• [PROVIDED ENTRIES]
(* Consider the clique inference problem with a max-like clique potential $C(\mathbf{v})=\max_{v\in V} f_v(n_v(\mathbf{v}))$, where each $f_v:\{0,1,\dots,n\}\to\mathbb{R}$ is non-decreasing. Then the $\alpha$-pass algorithm returns an assignment maximizing $F$ (a MAP assignment).
   Context: Clique inference problem: there are $n$ vertices $1,\dots,n$, a finite set $V$ of values, real vertex potentials $\psi_{jv}$ ($1\le j\le n$, $v\in V$), and a symmetric clique potential $C$, i.e. $C(v_1,\dots,v_n)$ depends only on the counts $n_v(\mathbf{v})=|\{j:v_j=v\}|$. The objective is to maximize $F(\mathbf{v})=\sum_{j=1}^n\psi_{jv_j}+C(\mathbf{v})$ over $\mathbf{v}\in V^n$. The $\alpha$-pass algorithm: for each $\alpha\in V$, sort the vertices in decreasing order of $\psi_{j\alpha}-\max_{v\neq\alpha}\psi_{jv}$; for each $k\in\{1,\dots,n\}$ form the assignment $\mathbf{v}^{\alpha,k}$ that gives the first $k$ sorted vertices the value $\alpha$ and every other vertex its best non-$\alpha$ value (a $v\ne\alpha$ maximizing $\psi_{jv}$); output the assignment $\mathbf{v}^{\alpha,k}$ with the largest value of $F$ over all $\alpha\in V$ and $1\le k\le n$. *)

theory Defs
  imports Complex_Main
begin

text \<open>Assignments of values to the vertices 1..n are functions nat => 'v;
only their values on {1..n} matter.\<close>

definition assignments :: "nat \<Rightarrow> 'v set \<Rightarrow> (nat \<Rightarrow> 'v) set" where
  "assignments n V = {x. \<forall>j\<in>{1..n}. x j \<in> V}"

definition val_count :: "nat \<Rightarrow> (nat \<Rightarrow> 'v) \<Rightarrow> 'v \<Rightarrow> nat" where
  "val_count n x v = card {j\<in>{1..n}. x j = v}"

definition max_clique_pot :: "nat \<Rightarrow> 'v set \<Rightarrow> ('v \<Rightarrow> nat \<Rightarrow> real) \<Rightarrow> (nat \<Rightarrow> 'v) \<Rightarrow> real" where
  "max_clique_pot n V f x = Max ((\<lambda>v. f v (val_count n x v)) ` V)"

definition objF :: "nat \<Rightarrow> (nat \<Rightarrow> 'v \<Rightarrow> real) \<Rightarrow> ((nat \<Rightarrow> 'v) \<Rightarrow> real) \<Rightarrow> (nat \<Rightarrow> 'v) \<Rightarrow> real" where
  "objF n psi C x = (\<Sum>j=1..n. psi j (x j)) + C x"

definition alpha_key :: "'v set \<Rightarrow> (nat \<Rightarrow> 'v \<Rightarrow> real) \<Rightarrow> 'v \<Rightarrow> nat \<Rightarrow> real" where
  "alpha_key V psi \<alpha> j = psi j \<alpha> - Max (psi j ` (V - {\<alpha>}))"

definition is_alpha_sort :: "nat \<Rightarrow> 'v set \<Rightarrow> (nat \<Rightarrow> 'v \<Rightarrow> real) \<Rightarrow> 'v \<Rightarrow> (nat \<Rightarrow> nat) \<Rightarrow> bool" where
  "is_alpha_sort n V psi \<alpha> ord \<longleftrightarrow>
     bij_betw ord {1..n} {1..n} \<and>
     (\<forall>p\<in>{1..n}. \<forall>q\<in>{1..n}. p \<le> q \<longrightarrow> alpha_key V psi \<alpha> (ord q) \<le> alpha_key V psi \<alpha> (ord p))"

definition is_best_other :: "'v set \<Rightarrow> (nat \<Rightarrow> 'v \<Rightarrow> real) \<Rightarrow> nat \<Rightarrow> 'v \<Rightarrow> 'v \<Rightarrow> bool" where
  "is_best_other V psi j \<alpha> w \<longleftrightarrow> w \<in> V - {\<alpha>} \<and> (\<forall>v\<in>V - {\<alpha>}. psi j v \<le> psi j w)"

definition alpha_pass_cand :: "(nat \<Rightarrow> nat) \<Rightarrow> (nat \<Rightarrow> 'v \<Rightarrow> 'v) \<Rightarrow> 'v \<Rightarrow> nat \<Rightarrow> nat \<Rightarrow> 'v" where
  "alpha_pass_cand ord b \<alpha> k j = (if j \<in> ord ` {1..k} then \<alpha> else b j \<alpha>)"

end

theory Submission
  imports Defs
begin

• [YOUR INSTRUCTIONS]
Copy the records exactly, keeping every word in place.

• [WRITTEN RESPONSE]
(* Consider the clique inference problem with a max-like clique potential $C(\mathbf{v})=\max_{v\in V} f_v(n_v(\mathbf{v}))$, where each $f_v:\{0,1,\dots,n\}\to\mathbb{R}$ is non-decreasing. Then the $\alpha$-pass algorithm returns an assignment maximizing $F$ (a MAP assignment).
   Context: Clique inference problem: there are $n$ vertices $1,\dots,n$, a finite set $V$ of values, real vertex potentials $\psi_{jv}$ ($1\le j\le n$, $v\in V$), and a symmetric clique potential $C$, i.e. $C(v_1,\dots,v_n)$ depends only on the counts $n_v(\mathbf{v})=|\{j:v_j=v\}|$. The objective is to maximize $F(\mathbf{v})=\sum_{j=1}^n\psi_{jv_j}+C(\mathbf{v})$ over $\mathbf{v}\in V^n$. The $\alpha$-pass algorithm: for each $\alpha\in V$, sort the vertices in decreasing order of $\psi_{j\alpha}-\max_{v\neq\alpha}\psi_{jv}$; for each $k\in\{1,\dots,n\}$ form the assignment $\mathbf{v}^{\alpha,k}$ that gives the first $k$ sorted vertices the value $\alpha$ and every other vertex its best non-$\alpha$ value (a $v\ne\alpha$ maximizing $\psi_{jv}$); output the assignment $\mathbf{v}^{\alpha,k}$ with the largest value of $F$ over all $\alpha\in V$ and $1\le k\le n$. *)

theory Defs
  imports Complex_Main
begin

text \<open>Assignments of values to the vertices 1..n are functions nat => 'v;
only their values on {1..n} matter.\<close>

definition assignments :: "nat \<Rightarrow> 'v set \<Rightarrow> (nat \<Rightarrow> 'v) set" where
  "assignments n V = {x. \<forall>j\<in>{1..n}. x j \<in> V}"

definition val_count :: "nat \<Rightarrow> (nat \<Rightarrow> 'v) \<Rightarrow> 'v \<Rightarrow> nat" where
  "val_count n x v = card {j\<in>{1..n}. x j = v}"

definition max_clique_pot :: "nat \<Rightarrow> 'v set \<Rightarrow> ('v \<Rightarrow> nat \<Rightarrow> real) \<Rightarrow> (nat \<Rightarrow> 'v) \<Rightarrow> real" where
  "max_clique_pot n V f x = Max ((\<lambda>v. f v (val_count n x v)) ` V)"

definition objF :: "nat \<Rightarrow> (nat \<Rightarrow> 'v \<Rightarrow> real) \<Rightarrow> ((nat \<Rightarrow> 'v) \<Rightarrow> real) \<Rightarrow> (nat \<Rightarrow> 'v) \<Rightarrow> real" where
  "objF n psi C x = (\<Sum>j=1..n. psi j (x j)) + C x"

definition alpha_key :: "'v set \<Rightarrow> (nat \<Rightarrow> 'v \<Rightarrow> real) \<Rightarrow> 'v \<Rightarrow> nat \<Rightarrow> real" where
  "alpha_key V psi \<alpha> j = psi j \<alpha> - Max (psi j ` (V - {\<alpha>}))"

definition is_alpha_sort :: "nat \<Rightarrow> 'v set \<Rightarrow> (nat \<Rightarrow> 'v \<Rightarrow> real) \<Rightarrow> 'v \<Rightarrow> (nat \<Rightarrow> nat) \<Rightarrow> bool" where
  "is_alpha_sort n V psi \<alpha> ord \<longleftrightarrow>
     bij_betw ord {1..n} {1..n} \<and>
     (\<forall>p\<in>{1..n}. \<forall>q\<in>{1..n}. p \<le> q \<longrightarrow> alpha_key V psi \<alpha> (ord q) \<le> alpha_key V psi \<alpha> (ord p))"

definition is_best_other :: "'v set \<Rightarrow> (nat \<Rightarrow> 'v \<Rightarrow> real) \<Rightarrow> nat \<Rightarrow> 'v \<Rightarrow> 'v \<Rightarrow> bool" where
  "is_best_other V psi j \<alpha> w \<longleftrightarrow> w \<in> V - {\<alpha>} \<and> (\<forall>v\<in>V - {\<alpha>}. psi j v \<le> psi j w)"

definition alpha_pass_cand :: "(nat \<Rightarrow> nat) \<Rightarrow> (nat \<Rightarrow> 'v \<Rightarrow> 'v) \<Rightarrow> 'v \<Rightarrow> nat \<Rightarrow> nat \<Rightarrow> 'v" where
  "alpha_pass_cand ord b \<alpha> k j = (if j \<in> ord ` {1..k} then \<alpha> else b j \<alpha>)"

end

theory Submission
  imports Defs
begin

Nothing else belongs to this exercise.